*Records supplied*.
□ □ □ □ □

(* Let $W=(V,B)$ be a non-degenerate formed space of Witt index $\omega\ge2$ as in the context, and let $1<k<\omega$. Then the polar Grassmann graph on singular $k$-subspaces of $W$ is not distance-regular.
   Context: $V$ is a finite-dimensional vector space over $\mathbb{F}_q$ and $W=(V,B)$ is one of: a symplectic space of dimension $2\omega$; an orthogonal space of dimension $2\omega+1$, of plus type of dimension $2\omega$, or of minus type of dimension $2\omega+2$; a unitary space of dimension $2\omega+1$ or $2\omega$ ($q$ a square). A subspace is singular if it is totally isotropic (totally singular in the orthogonal case); maximal singular subspaces have dimension $\omega$. For $k<\omega$ the polar Grassmann graph has as vertices the singular $k$-subspaces, two distinct vertices $u,v$ adjacent iff $u+v$ is a singular $(k+1)$-subspace. A connected graph is distance-regular if there are integers $b_i,c_i$ such that for any two vertices $X,Y$ at distance $i$, exactly $c_i$ neighbours of $X$ are at distance $i-1$ from $Y$ and exactly $b_i$ at distance $i+1$ from $Y$. *)

theory Defs
  imports "HOL-Analysis.Cartesian_Space"
begin

text \<open>The ambient space is V = F_q^n, realised as the type 'a^'n with
 'a a finite field (q = CARD('a)) and n = CARD('n).\<close>

definition bilinear_form :: "('a::field^'n \<Rightarrow> 'a^'n \<Rightarrow> 'a) \<Rightarrow> bool" where
  "bilinear_form B \<longleftrightarrow>
     (\<forall>u v w. B (u + v) w = B u w + B v w) \<and> (\<forall>c u w. B (c *s u) w = c * B u w) \<and>
     (\<forall>u v w. B u (v + w) = B u v + B u w) \<and> (\<forall>c u w. B u (c *s w) = c * B u w)"

definition nondegenerate_form :: "('a::field^'n \<Rightarrow> 'a^'n \<Rightarrow> 'a) \<Rightarrow> bool" where
  "nondegenerate_form B \<longleftrightarrow> (\<forall>v. (\<forall>w. B v w = 0) \<longrightarrow> v = 0)"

□ □ □ □ □

*Your goal*. The full set of records, transcribed exactly, is the answer.

*Answer section*.
(* Let $W=(V,B)$ be a non-degenerate formed space of Witt index $\omega\ge2$ as in the context, and let $1<k<\omega$. Then the polar Grassmann graph on singular $k$-subspaces of $W$ is not distance-regular.
   Context: $V$ is a finite-dimensional vector space over $\mathbb{F}_q$ and $W=(V,B)$ is one of: a symplectic space of dimension $2\omega$; an orthogonal space of dimension $2\omega+1$, of plus type of dimension $2\omega$, or of minus type of dimension $2\omega+2$; a unitary space of dimension $2\omega+1$ or $2\omega$ ($q$ a square). A subspace is singular if it is totally isotropic (totally singular in the orthogonal case); maximal singular subspaces have dimension $\omega$. For $k<\omega$ the polar Grassmann graph has as vertices the singular $k$-subspaces, two distinct vertices $u,v$ adjacent iff $u+v$ is a singular $(k+1)$-subspace. A connected graph is distance-regular if there are integers $b_i,c_i$ such that for any two vertices $X,Y$ at distance $i$, exactly $c_i$ neighbours of $X$ are at distance $i-1$ from $Y$ and exactly $b_i$ at distance $i+1$ from $Y$. *)

theory Defs
  imports "HOL-Analysis.Cartesian_Space"
begin

text \<open>The ambient space is V = F_q^n, realised as the type 'a^'n with
 'a a finite field (q = CARD('a)) and n = CARD('n).\<close>

definition bilinear_form :: "('a::field^'n \<Rightarrow> 'a^'n \<Rightarrow> 'a) \<Rightarrow> bool" where
  "bilinear_form B \<longleftrightarrow>
     (\<forall>u v w. B (u + v) w = B u w + B v w) \<and> (\<forall>c u w. B (c *s u) w = c * B u w) \<and>
     (\<forall>u v w. B u (v + w) = B u v + B u w) \<and> (\<forall>c u w. B u (c *s w) = c * B u w)"

definition nondegenerate_form :: "('a::field^'n \<Rightarrow> 'a^'n \<Rightarrow> 'a) \<Rightarrow> bool" where
  "nondegenerate_form B \<longleftrightarrow> (\<forall>v. (\<forall>w. B v w = 0) \<longrightarrow> v = 0)"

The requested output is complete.